Корабль прогремел якорь-цепью на Большом Кронштадтском рейде. По правому борту в лёгкой дымке виднелись очертания до слёз родного Кронштадта: купол Морского собора, трубы завода, тёмные силуэты фортов, железобетонным частоколом протянувшиеся от северного до южного берегов залива.
Последний налёт отряд выдержал у острова Лавенсари, после чего адмирал Трибуц приказал убрать параваны и идти дальше, увеличив ход до 15 узлов (чтобы не отстал «Суур-Тылл»). До Кронштадта дошли — не заметили.
Кто-то вспомнил, что сегодня субботний день — увольнение. Все рассмеялись. Где-то на южном берегу устрашающе гремела канонада, в небо поднимался чёрный дым. Боевая трансляция время от времени объявляла о готовности к воздушной тревоге.
Не успел «Киров» стать на якорь, как к его борту подлетел пограничный катер. Моряки вновь образовали живой конвейер, передавая на катер ящички и мешочки с ценностями Эстонского банка.
Наконец прозвучал отбой, и Александровский направился в кают-компанию. По дороге он был остановлен резкой командой: «Смирно! Встать к борту!» На катер сходил адмирал Трибуц.
В кают-компании Александровский застал контр-адмирала Дрозда, командира крейсера капитана 2-го ранга Сухорукова, военкома Столярова и командующего 10-м стрелковым корпусом генерала Николаева.
Адмирал Дрозд обратился к офицерам с казенным поздравлением по поводу «завершения похода». Потрясённый генерал Николаев был более понятен. «За два месяца я видел войну в различных и многообразных проявлениях.

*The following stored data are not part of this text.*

(* Let $G \ne K_4$ be a connected, claw-free, cubic graph, and let $u(G)$ denote the number of units of $G$. Then \[ u(G)+1 \le \sigma_{(2,1)}(G) \le u(G)+2 . \]
   Context: A graph is claw-free if it has no induced subgraph isomorphic to $K_{1,3}$; it is cubic if every vertex has degree $3$. A diamond is an induced subgraph isomorphic to $K_4$ minus one edge. For a connected, claw-free, cubic graph $G\neq K_4$, the vertex set $V(G)$ can be uniquely partitioned into sets each of which induces a triangle or a diamond in $G$; the parts of this partition are called units (triangle-units and diamond-units), and $u(G)$ is the number of units. $(p,q)$-spreading: let $p\in\mathbb{N}$ and $q\in\mathbb{N}\cup\{\infty\}$. Start with a set $S\subseteq V(G)$ of blue vertices, all other vertices white. The color change rule: if a white vertex $w$ has at least $p$ blue neighbors, and at least one of the blue neighbors of $w$ has at most $q$ white neighbors, then $w$ is recolored blue. $S$ is a $(p,q)$-spreading set if repeatedly applying this rule eventually colors all vertices blue. $\sigma_{(p,q)}(G)$ is the minimum cardinality of a $(p,q)$-spreading set of $G$. *)

theory Defs
  imports Main "HOL-Library.Extended_Nat"
begin

definition graph :: "'a set \<Rightarrow> ('a \<Rightarrow> 'a \<Rightarrow> bool) \<Rightarrow> bool" where
  "graph V E \<longleftrightarrow> finite V \<and> (\<forall>x y. E x y \<longrightarrow> x \<in> V \<and> y \<in> V)
     \<and> (\<forall>x y. E x y \<longrightarrow> E y x) \<and> (\<forall>x. \<not> E x x)"

definition nbrs :: "'a set \<Rightarrow> ('a \<Rightarrow> 'a \<Rightarrow> bool) \<Rightarrow> 'a \<Rightarrow> 'a set" where
  "nbrs V E v = {w \<in> V. E v w}"

definition cubic :: "'a set \<Rightarrow> ('a \<Rightarrow> 'a \<Rightarrow> bool) \<Rightarrow> bool" where
  "cubic V E \<longleftrightarrow> (\<forall>v\<in>V. card (nbrs V E v) = 3)"

definition connected_graph :: "'a set \<Rightarrow> ('a \<Rightarrow> 'a \<Rightarrow> bool) \<Rightarrow> bool" where
  "connected_graph V E \<longleftrightarrow> V \<noteq> {} \<and>
     (\<forall>x\<in>V. \<forall>y\<in>V. (\<lambda>a b. a \<in> V \<and> b \<in> V \<and> E a b)\<^sup>*\<^sup>* x y)"

definition claw_free :: "'a set \<Rightarrow> ('a \<Rightarrow> 'a \<Rightarrow> bool) \<Rightarrow> bool" where
  "claw_free V E \<longleftrightarrow> \<not> (\<exists>v\<in>V. \<exists>a b c. a \<in> nbrs V E v \<and> b \<in> nbrs V E v \<and> c \<in> nbrs V E v
      \<and> a \<noteq> b \<and> a \<noteq> c \<and> b \<noteq> c \<and> \<not> E a b \<and> \<not> E a c \<and> \<not> E b c)"

definition is_K4 :: "'a set \<Rightarrow> ('a \<Rightarrow> 'a \<Rightarrow> bool) \<Rightarrow> bool" where
  "is_K4 V E \<longleftrightarrow> card V = 4 \<and> (\<forall>x\<in>V. \<forall>y\<in>V. x \<noteq> y \<longrightarrow> E x y)"

definition induced_edges :: "('a \<Rightarrow> 'a \<Rightarrow> bool) \<Rightarrow> 'a set \<Rightarrow> 'a set set" where
  "induced_edges E S = {{x, y} | x y. x \<in> S \<and> y \<in> S \<and> x \<noteq> y \<and> E x y}"

definition induces_triangle :: "'a set \<Rightarrow> ('a \<Rightarrow> 'a \<Rightarrow> bool) \<Rightarrow> 'a set \<Rightarrow> bool" where
  "induces_triangle V E S \<longleftrightarrow> S \<subseteq> V \<and> card S = 3 \<and> (\<forall>x\<in>S. \<forall>y\<in>S. x \<noteq> y \<longrightarrow> E x y)"

definition induces_diamond :: "'a set \<Rightarrow> ('a \<Rightarrow> 'a \<Rightarrow> bool) \<Rightarrow> 'a set \<Rightarrow> bool" where
  "induces_diamond V E S \<longleftrightarrow> S \<subseteq> V \<and> card S = 4 \<and> card (induced_edges E S) = 5"

definition unit_partition :: "'a set \<Rightarrow> ('a \<Rightarrow> 'a \<Rightarrow> bool) \<Rightarrow> 'a set set \<Rightarrow> bool" where
  "unit_partition V E P \<longleftrightarrow> \<Union>P = V \<and> (\<forall>A\<in>P. \<forall>B\<in>P. A \<noteq> B \<longrightarrow> A \<inter> B = {})
     \<and> (\<forall>A\<in>P. induces_triangle V E A \<or> induces_diamond V E A)"

text \<open>u(G): number of units of the (unique) partition into triangle/diamond units.\<close>
definition num_units :: "'a set \<Rightarrow> ('a \<Rightarrow> 'a \<Rightarrow> bool) \<Rightarrow> nat" where
  "num_units V E = card (THE P. unit_partition V E P)"

text \<open>One application of the (p,q) colour change rule: white w becomes blue.\<close>
definition spread_step :: "nat \<Rightarrow> enat \<Rightarrow> 'a set \<Rightarrow> ('a \<Rightarrow> 'a \<Rightarrow> bool) \<Rightarrow> 'a set \<Rightarrow> 'a set \<Rightarrow> bool" where
  "spread_step p q V E B B' \<longleftrightarrow> (\<exists>w\<in>V. w \<notin> B \<and> B' = insert w B
     \<and> card {v \<in> nbrs V E w. v \<in> B} \<ge> p
     \<and> (\<exists>b \<in> nbrs V E w. b \<in> B \<and> enat (card {x \<in> nbrs V E b. x \<notin> B}) \<le> q))"

definition spreading_set :: "nat \<Rightarrow> enat \<Rightarrow> 'a set \<Rightarrow> ('a \<Rightarrow> 'a \<Rightarrow> bool) \<Rightarrow> 'a set \<Rightarrow> bool" where
  "spreading_set p q V E S \<longleftrightarrow> S \<subseteq> V \<and> (spread_step p q V E)\<^sup>*\<^sup>* S V"

definition sigma :: "nat \<Rightarrow> enat \<Rightarrow> 'a set \<Rightarrow> ('a \<Rightarrow> 'a \<Rightarrow> bool) \<Rightarrow> nat" where
  "sigma p q V E = (LEAST k. \<exists>S. spreading_set p q V E S \<and> card S = k)"

end

theory Submission
  imports Defs
begin
lemma diag_Inter_unbounded:
  assumes R: "uncountable_regular_cardinal TYPE('a::wellorder)" and "\<And>a. club (D a :: 'a set)"
  shows "unbounded ({\<xi><..} \<inter> diag_Inter D)"
  unfolding unbounded_def
proof
  fix \<beta>
  obtain s where s: "\<And>y. y < s y \<and> (\<forall>a<y. \<exists>d\<in>D a. y < d \<and> d < s y)"
    using regular_jump_ex[OF R] assms(2) unfolding club_def by blast
  obtain c where "\<xi> < c" using regular_gt_ex[OF R] by blast
  define x where "x k = (s ^^ k) (max c \<beta>)" for k
  have x_Suc: "x (Suc k) = s (x k)" for k unfolding x_def by simp
  have "strict_mono x" unfolding strict_mono_Suc_iff by (simp add: x_Suc s)
  then obtain L where below: "\<forall>k. x k < L" and lim: "\<forall>b<L. \<exists>k. b < x k"
    using regular_omega_limit_ex[OF R] by blast
  have "max c \<beta> < L" using below[rule_format, of 0] unfolding x_def by simp
  hence "\<xi> < L" "\<beta> \<le> L" using \<open>\<xi> < c\<close> by auto
  moreover have "L \<in> D a" if "a < L" for a
  proof (rule club_closedD[OF assms(2) that], intro allI impI)
    fix b assume "b < L"
    then obtain k where "a < x k" "b < x k"
      using lim \<open>a < L\<close> by (metis max_less_iff_conj)
    then obtain d where "d \<in> D a" "x k < d" "d < x (Suc k)" using s x_Suc by metis
    thus "\<exists>d\<in>D a. b < d \<and> d < L" using \<open>b < x k\<close> below by (meson less_trans)
  qed
  ultimately show "\<exists>z\<in>{\<xi><..} \<inter> diag_Inter D. \<beta> \<le> z" unfolding diag_Inter_def by blast
qed

lemma club_diag_Inter:
  assumes "uncountable_regular_cardinal TYPE('a::wellorder)" and "\<And>a. club (D a :: 'a set)"
  shows "club ({\<xi><..} \<inter> diag_Inter D)"
  unfolding club_def
  using diag_Inter_unbounded[where D = D, OF assms] diag_Inter_closed[where D = D, OF assms(2)]
  by blast

lemma first_n_range:
  assumes "strict_mono (f :: nat \<Rightarrow> 'a::wellorder)"
  shows "first_n (range f) j = f ` {..<j}"
proof -
  have "{b\<in>range f. b < f i} = f ` {..<i}" for i
    using assms by (auto simp: strict_mono_less)
  moreover have "card (f ` {..<i}) = i" for i
    using strict_mono_imp_inj_on[OF assms] by (simp add: card_image inj_on_subset)
  ultimately show ?thesis unfolding first_n_def by auto
qed

lemma otp_omega_infinite:
  assumes "otp_omega C"
  shows "infinite C"
proof -
  obtain f :: "nat \<Rightarrow> 'a" where "strict_mono f" "range f = C"
    using assms unfolding otp_omega_def by blast
  thus ?thesis by (metis finite_imageD infinite_UNIV_nat strict_mono_imp_inj_on)
qed
lemma precedes_beyond_prefix:
  assumes "prefix ys xs" "distinct xs" "a \<in> set ys" "b \<in> set xs" "b \<notin> set ys"
  shows "precedes xs a b"
proof -
  obtain zs where xs: "xs = ys @ zs" using assms(1) by (auto simp: prefix_def)
  have "takeWhile (\<lambda>x. x \<noteq> b) xs = ys @ takeWhile (\<lambda>x. x \<noteq> b) zs"
    unfolding xs by (rule takeWhile_append2) (use assms(5) in auto)
  then show ?thesis using assms by (simp add: precedes_iff_takeWhile)
qed

lemma takeWhile_neq_subset:
  "a \<notin> set (takeWhile (\<lambda>x. x \<noteq> b) xs) \<Longrightarrow>
   set (takeWhile (\<lambda>x. x \<noteq> b) xs) \<subseteq> set (takeWhile (\<lambda>x. x \<noteq> a) xs)"
  by (induction xs) auto

lemma precedes_if_ahead_less:
  assumes "distinct xs" "b \<in> set xs" "ahead xs S a < ahead xs S b"
  shows "precedes xs a b"
proof (rule ccontr)
  assume "\<not> precedes xs a b"
  then have "set (takeWhile (\<lambda>x. x \<noteq> b) xs) \<subseteq> set (takeWhile (\<lambda>x. x \<noteq> a) xs)"
    using assms(1,2) by (simp add: precedes_iff_takeWhile takeWhile_neq_subset)
  then have "ahead xs S b \<le> ahead xs S a"
    unfolding ahead_def by (intro card_mono) auto
  then show False using assms(3) by simp
qed

lemma filter_takeWhile_neq:
  "P a \<Longrightarrow> filter P (takeWhile (\<lambda>x. x \<noteq> a) xs) = takeWhile (\<lambda>x. x \<noteq> a) (filter P xs)"
  by (induction xs) auto

lemma set_take_eq_takeWhile_less:
  "distinct ys \<Longrightarrow> {a \<in> set ys. length (takeWhile (\<lambda>x. x \<noteq> a) ys) < q} = set (take q ys)"
proof (induction ys arbitrary: q)
  case (Cons y ys)
  then show ?case by (cases q) auto
qed simp

lemma card_ahead_less:
  assumes "distinct xs" "S \<subseteq> set xs" "q \<le> card S"
  shows "card {a \<in> S. ahead xs S a < q} = q"
proof -
  define ys where "ys = filter (\<lambda>x. x \<in> S) xs"
  have ys: "set ys = S" "distinct ys" using assms(1,2) by (auto simp: ys_def)
  have "ahead xs S a = length (takeWhile (\<lambda>x. x \<noteq> a) ys)" if "a \<in> S" for a
  proof -
    have "set (takeWhile (\<lambda>x. x \<noteq> a) xs) \<inter> S
        = set (filter (\<lambda>x. x \<in> S) (takeWhile (\<lambda>x. x \<noteq> a) xs))"
      by auto
    also have "\<dots> = set (takeWhile (\<lambda>x. x \<noteq> a) ys)"
      using that by (simp add: ys_def filter_takeWhile_neq)
    finally show ?thesis using ys(2) by (simp add: ahead_def distinct_card)
  qed
  then have "{a \<in> S. ahead xs S a < q} = {a \<in> set ys. length (takeWhile (\<lambda>x. x \<noteq> a) ys) < q}"
    using ys(1) by auto
  also have "\<dots> = set (take q ys)"
    using set_take_eq_takeWhile_less[OF ys(2)] .
  finally show ?thesis
    using ys assms(3) distinct_card[OF ys(2)] distinct_card[of "take q ys"] by simp
qed

lemma props_snoc [simp]:
  "props [] = {}"
  "props (s @ [PropE r h]) = insert (r,h) (props s)"
  "props (s @ [RejE r h]) = props s"
  by (auto simp: props_def)

lemma rejs_snoc [simp]:
  "rejs [] = {}"
  "rejs (s @ [PropE r h]) = rejs s"
  "rejs (s @ [RejE r h]) = insert (r,h) (rejs s)"
  by (auto simp: rejs_def)

lemma ousted_mono:
  assumes "ousted K M r h" "M \<subseteq> M'"
  shows "ousted K M' r h"
proof -
  have "card (set xs \<inter> res_h M h) \<le> card (set xs \<inter> res_h M' h)" for xs :: "'a list"
    using assms(2) by (intro card_mono) (auto simp: res_h_def)
  then show ?thesis using assms unfolding ousted_def by (meson le_trans subsetD)
qed

lemma ousted_iff_ahead:
  assumes "res_h M h \<subseteq> set (hlist K h)"
  shows "ousted K M r h \<longleftrightarrow> r \<in> res_h M h \<and> quota K h \<le> card (res_h M h)
           \<and> quota K h \<le> ahead (hlist K h) (res_h M h) r"
proof -
  have listed: "set (hlist K h) \<inter> res_h M h = res_h M h" using assms by blast
  have "(r,h) \<in> M \<longleftrightarrow> r \<in> res_h M h" by (simp add: res_h_def)
  then show ?thesis using assms unfolding ousted_def ahead_def[symmetric] listed by blast
qed

lemma set_takeWhile_subset_append: "set (takeWhile P xs) \<subseteq> set (takeWhile P (xs @ ys))"
  by (induction xs) auto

Приходилось проскакивать минные поля, быть под артиллерийским обстрелом, выдерживать массированные бомбовые удары, видеть гибель людей. Но такого состояния, какое было у меня на переходе, никогда не испытывал и, вероятно, вы, моряки, меня не поймёте. После этого перехода никакое сражение на суше удивить меня не может. Такого сложного переплета боевых событий в такой короткий по времени срок на земле быть не может. Подумать только — корабль на минном поле и по нему бьёт артиллерия, пикируют самолёты, охотятся подводные лодки и катера. Все это одновременно, да ещё к тому же корабль на волне раскачивается...»
Лейтенанту Александровскому генеральская патетика была не совсем понятна. Для молодого офицера переход из Таллинна в Кронштадт мало чем отличался от любого другого боевого похода. Бывало и похуже. Например, при прорыве из Моонзунда.
Мины, правда, нервировали немного. Но, в основном, практически весь переход лейтенант Александровский провёл на своём СПН. В перерыве между налётами немецкой авиации он занимался тем, что составлял дефектную ведомость на вверенную ему материальную часть и список того, что в первую очередь надо бы получить со складов по прибытии в Кронштадт. Ну а во время налётов пикировщиков просто не было времени для каких-то страхов и переживаний.
А потому он решил, что генерала Николаева просто укачало. Это всегда бывает с сухопутными начальниками, когда они впервые выходят в море на боевом корабле.
16:50
Старший штурман транспорта «Калпакс» Шверст, пытаясь открыть люки кормовых трюмов, чтобы дать находящимся там раненым хотя бы теоретический шанс к спасению, не успел вовремя покинуть тонущее судно и был затянут водоворотом, образовавшимся на месте гибели транспорта. Вместе с погружающимся пароходом его со страшной силой затянуло вниз, и только когда «Калпакс» опустился на дно залива, а оставшийся в нём воздух вырвался из корпуса как пробка из бутылки, Шверста выбросило на поверхность.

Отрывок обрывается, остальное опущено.